ASSIGNED TASK: Give back only the lines in the records below from the one with "(f K) (f K) = f" to the one with "by (rule inj_on_subset[OF", both inclusive, word for word.

EXTRACTED ENTRIES:
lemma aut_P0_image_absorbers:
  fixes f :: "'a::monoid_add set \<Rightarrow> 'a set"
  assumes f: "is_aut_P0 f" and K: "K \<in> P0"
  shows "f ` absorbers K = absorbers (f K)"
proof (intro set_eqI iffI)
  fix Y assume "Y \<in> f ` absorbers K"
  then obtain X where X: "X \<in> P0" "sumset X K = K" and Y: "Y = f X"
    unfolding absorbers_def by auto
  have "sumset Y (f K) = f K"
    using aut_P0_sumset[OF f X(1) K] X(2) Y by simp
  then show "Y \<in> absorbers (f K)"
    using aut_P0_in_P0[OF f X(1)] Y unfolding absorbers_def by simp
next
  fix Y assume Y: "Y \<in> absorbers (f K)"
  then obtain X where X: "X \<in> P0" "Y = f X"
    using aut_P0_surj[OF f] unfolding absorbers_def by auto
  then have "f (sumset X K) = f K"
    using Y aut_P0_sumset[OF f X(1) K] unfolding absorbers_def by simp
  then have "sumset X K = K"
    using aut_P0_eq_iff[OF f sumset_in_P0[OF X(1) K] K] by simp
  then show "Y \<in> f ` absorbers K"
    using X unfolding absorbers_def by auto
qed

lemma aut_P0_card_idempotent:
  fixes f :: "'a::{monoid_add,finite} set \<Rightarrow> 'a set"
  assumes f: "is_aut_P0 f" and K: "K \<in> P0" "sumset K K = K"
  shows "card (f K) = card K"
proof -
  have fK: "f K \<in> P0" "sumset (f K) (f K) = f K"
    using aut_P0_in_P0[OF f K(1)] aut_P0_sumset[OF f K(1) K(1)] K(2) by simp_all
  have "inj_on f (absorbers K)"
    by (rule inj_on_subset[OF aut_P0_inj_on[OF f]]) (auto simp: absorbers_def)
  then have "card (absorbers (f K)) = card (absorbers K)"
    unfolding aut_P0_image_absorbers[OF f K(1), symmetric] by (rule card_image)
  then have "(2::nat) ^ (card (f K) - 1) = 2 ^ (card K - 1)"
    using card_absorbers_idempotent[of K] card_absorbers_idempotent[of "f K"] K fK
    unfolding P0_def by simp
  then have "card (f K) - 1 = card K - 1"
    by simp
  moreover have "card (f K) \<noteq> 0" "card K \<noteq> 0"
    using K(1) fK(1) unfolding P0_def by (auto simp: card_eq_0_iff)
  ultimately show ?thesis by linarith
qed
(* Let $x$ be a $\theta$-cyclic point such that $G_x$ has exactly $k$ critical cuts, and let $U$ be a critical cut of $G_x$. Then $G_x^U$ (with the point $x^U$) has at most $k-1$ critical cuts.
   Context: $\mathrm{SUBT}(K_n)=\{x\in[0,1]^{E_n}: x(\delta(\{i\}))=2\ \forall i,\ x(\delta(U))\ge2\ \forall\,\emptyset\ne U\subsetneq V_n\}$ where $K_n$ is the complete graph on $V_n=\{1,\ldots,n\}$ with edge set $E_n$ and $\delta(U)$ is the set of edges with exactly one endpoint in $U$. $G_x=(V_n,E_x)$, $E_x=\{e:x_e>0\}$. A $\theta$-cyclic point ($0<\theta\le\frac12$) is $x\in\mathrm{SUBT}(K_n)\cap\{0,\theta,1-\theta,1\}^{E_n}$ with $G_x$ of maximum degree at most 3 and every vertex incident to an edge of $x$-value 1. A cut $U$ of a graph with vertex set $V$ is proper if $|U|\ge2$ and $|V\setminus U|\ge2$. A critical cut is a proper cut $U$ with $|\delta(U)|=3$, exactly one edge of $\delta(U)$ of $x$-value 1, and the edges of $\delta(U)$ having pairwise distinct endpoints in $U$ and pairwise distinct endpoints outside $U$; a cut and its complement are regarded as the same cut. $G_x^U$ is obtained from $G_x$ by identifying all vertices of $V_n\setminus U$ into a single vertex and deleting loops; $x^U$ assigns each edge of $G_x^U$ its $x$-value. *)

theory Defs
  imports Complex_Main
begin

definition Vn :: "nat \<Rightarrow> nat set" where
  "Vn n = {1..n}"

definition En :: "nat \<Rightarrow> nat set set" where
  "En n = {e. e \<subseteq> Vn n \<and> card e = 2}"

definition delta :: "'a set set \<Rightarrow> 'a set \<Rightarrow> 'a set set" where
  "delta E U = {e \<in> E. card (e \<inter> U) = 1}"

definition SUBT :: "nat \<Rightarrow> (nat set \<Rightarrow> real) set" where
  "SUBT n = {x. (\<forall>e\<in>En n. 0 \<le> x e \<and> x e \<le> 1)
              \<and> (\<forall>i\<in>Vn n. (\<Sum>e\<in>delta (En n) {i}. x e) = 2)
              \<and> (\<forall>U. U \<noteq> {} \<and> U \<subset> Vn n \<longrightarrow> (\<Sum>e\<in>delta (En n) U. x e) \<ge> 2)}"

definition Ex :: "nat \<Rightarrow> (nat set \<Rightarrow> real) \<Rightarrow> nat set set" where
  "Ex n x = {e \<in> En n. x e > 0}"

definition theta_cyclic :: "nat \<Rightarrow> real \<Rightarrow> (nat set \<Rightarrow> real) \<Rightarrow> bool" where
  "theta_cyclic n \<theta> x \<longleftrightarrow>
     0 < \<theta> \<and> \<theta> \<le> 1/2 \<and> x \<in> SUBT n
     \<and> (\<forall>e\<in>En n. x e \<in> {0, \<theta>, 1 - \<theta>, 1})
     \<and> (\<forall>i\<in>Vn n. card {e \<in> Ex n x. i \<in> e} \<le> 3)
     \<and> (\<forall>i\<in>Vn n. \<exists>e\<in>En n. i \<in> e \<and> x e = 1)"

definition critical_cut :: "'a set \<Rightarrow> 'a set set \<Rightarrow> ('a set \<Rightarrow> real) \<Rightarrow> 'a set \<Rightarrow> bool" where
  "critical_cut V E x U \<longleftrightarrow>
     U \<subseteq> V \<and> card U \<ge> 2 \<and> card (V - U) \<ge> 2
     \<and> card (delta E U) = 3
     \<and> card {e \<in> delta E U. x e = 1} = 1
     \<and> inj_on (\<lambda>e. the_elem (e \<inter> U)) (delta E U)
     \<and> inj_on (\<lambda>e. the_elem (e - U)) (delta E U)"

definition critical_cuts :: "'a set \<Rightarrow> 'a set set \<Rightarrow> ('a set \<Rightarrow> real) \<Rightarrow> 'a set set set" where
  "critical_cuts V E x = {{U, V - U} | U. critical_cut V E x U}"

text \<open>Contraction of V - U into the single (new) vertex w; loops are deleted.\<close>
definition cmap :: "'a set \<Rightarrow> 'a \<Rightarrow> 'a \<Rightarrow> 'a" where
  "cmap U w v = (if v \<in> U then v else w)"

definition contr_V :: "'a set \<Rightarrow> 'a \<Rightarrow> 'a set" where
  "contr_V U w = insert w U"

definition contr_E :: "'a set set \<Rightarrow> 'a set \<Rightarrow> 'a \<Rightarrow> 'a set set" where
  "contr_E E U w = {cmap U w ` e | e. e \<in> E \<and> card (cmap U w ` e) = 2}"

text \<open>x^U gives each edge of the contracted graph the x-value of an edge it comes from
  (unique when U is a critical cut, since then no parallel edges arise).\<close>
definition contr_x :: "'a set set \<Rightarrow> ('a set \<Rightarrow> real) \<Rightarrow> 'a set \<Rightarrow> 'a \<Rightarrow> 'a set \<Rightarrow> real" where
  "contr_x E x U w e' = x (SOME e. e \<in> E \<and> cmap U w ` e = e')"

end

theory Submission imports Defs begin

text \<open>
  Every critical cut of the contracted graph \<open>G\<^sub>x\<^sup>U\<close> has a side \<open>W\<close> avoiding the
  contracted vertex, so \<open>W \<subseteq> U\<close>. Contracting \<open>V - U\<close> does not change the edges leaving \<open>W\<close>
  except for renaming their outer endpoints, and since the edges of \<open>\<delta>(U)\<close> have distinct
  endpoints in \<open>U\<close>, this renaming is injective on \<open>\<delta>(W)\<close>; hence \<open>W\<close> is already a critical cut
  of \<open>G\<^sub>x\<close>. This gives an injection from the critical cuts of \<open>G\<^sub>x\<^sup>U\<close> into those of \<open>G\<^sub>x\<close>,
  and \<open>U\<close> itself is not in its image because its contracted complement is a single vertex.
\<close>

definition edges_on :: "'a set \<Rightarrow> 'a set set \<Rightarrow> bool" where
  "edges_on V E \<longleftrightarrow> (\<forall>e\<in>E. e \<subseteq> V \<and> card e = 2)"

REPLY:
  have fK: "f K \<in> P0" "sumset (f K) (f K) = f K"
    using aut_P0_in_P0[OF f K(1)] aut_P0_sumset[OF f K(1) K(1)] K(2) by simp_all
  have "inj_on f (absorbers K)"
    by (rule inj_on_subset[OF aut_P0_inj_on[OF f]]) (auto simp: absorbers_def)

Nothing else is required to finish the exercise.